__What you are asked to do__
Scan the lines below for the word "subT". Copy each line you find it in.

__Provided records__
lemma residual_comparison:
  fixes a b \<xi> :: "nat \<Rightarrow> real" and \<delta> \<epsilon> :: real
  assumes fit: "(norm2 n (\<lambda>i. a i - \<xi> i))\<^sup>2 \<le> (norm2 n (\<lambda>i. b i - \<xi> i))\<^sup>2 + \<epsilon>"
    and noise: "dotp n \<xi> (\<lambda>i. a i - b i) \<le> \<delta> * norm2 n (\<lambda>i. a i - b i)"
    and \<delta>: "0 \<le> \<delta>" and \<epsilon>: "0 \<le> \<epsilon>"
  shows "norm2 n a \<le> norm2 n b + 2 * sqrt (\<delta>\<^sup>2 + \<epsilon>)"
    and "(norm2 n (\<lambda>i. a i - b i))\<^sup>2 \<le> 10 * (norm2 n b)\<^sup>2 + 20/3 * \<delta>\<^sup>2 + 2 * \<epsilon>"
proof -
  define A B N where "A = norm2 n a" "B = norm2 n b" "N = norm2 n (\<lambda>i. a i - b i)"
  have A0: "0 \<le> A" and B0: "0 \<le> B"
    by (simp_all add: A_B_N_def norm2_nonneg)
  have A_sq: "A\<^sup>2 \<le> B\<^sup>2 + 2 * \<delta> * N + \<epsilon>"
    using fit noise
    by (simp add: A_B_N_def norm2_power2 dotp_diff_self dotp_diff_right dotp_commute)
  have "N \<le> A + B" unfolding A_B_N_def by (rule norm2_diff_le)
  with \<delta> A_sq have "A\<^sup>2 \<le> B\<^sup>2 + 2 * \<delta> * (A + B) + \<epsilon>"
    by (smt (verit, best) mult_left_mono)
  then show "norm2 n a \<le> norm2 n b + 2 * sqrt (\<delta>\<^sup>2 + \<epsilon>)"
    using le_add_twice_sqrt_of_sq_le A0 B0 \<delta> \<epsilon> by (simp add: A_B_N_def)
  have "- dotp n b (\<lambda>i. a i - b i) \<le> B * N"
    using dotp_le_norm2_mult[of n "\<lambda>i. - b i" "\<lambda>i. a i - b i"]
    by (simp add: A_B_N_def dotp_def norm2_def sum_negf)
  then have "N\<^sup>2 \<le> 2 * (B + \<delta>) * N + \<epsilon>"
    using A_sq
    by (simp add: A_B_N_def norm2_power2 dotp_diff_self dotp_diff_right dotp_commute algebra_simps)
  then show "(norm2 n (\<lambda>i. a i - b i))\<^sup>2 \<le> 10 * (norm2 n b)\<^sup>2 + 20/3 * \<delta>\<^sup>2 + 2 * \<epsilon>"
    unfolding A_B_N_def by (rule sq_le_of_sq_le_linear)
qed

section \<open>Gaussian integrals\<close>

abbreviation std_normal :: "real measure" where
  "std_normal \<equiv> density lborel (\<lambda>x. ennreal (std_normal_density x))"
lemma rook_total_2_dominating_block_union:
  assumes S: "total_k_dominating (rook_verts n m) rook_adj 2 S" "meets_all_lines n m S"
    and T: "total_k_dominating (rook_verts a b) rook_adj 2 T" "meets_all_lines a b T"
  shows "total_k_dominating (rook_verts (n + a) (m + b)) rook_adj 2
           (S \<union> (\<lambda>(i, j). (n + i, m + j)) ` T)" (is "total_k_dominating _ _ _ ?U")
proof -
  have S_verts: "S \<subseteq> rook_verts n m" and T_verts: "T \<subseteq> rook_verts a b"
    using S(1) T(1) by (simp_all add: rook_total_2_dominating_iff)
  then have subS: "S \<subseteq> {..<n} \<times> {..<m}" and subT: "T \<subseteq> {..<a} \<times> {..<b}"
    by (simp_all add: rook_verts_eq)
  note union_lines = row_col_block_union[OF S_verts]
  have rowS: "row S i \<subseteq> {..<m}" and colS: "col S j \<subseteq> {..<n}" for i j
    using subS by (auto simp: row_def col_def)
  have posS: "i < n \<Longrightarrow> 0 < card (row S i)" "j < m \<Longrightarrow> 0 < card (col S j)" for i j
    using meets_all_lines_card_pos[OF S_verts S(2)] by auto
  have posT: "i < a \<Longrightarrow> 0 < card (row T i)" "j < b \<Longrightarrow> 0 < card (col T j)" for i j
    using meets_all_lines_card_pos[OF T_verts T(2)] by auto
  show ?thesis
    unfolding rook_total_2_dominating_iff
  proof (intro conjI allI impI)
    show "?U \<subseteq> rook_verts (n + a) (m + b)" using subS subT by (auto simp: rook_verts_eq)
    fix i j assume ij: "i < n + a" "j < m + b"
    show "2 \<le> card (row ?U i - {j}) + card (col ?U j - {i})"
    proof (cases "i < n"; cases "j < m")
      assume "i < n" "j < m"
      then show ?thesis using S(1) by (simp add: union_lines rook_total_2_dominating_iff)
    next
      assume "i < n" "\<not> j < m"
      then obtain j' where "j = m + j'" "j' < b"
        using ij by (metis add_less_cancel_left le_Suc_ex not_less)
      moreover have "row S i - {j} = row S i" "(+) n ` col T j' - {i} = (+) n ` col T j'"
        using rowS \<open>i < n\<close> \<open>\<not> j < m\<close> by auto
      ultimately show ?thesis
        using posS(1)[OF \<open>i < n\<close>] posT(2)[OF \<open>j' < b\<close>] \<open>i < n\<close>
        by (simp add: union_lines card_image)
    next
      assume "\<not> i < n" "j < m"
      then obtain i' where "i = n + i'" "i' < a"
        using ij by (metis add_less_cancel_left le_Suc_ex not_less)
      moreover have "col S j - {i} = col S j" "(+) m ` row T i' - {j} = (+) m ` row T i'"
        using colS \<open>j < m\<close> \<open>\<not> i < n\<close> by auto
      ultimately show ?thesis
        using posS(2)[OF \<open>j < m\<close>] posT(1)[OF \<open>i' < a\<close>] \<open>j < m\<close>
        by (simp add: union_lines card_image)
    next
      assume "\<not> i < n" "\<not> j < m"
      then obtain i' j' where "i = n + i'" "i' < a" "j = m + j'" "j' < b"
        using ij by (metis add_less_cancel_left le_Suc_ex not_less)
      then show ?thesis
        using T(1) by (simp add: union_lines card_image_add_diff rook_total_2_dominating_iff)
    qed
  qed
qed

__Result below__
  then have subS: "S \<subseteq> {..<n} \<times> {..<m}" and subT: "T \<subseteq> {..<a} \<times> {..<b}"
    show "?U \<subseteq> rook_verts (n + a) (m + b)" using subS subT by (auto simp: rook_verts_eq)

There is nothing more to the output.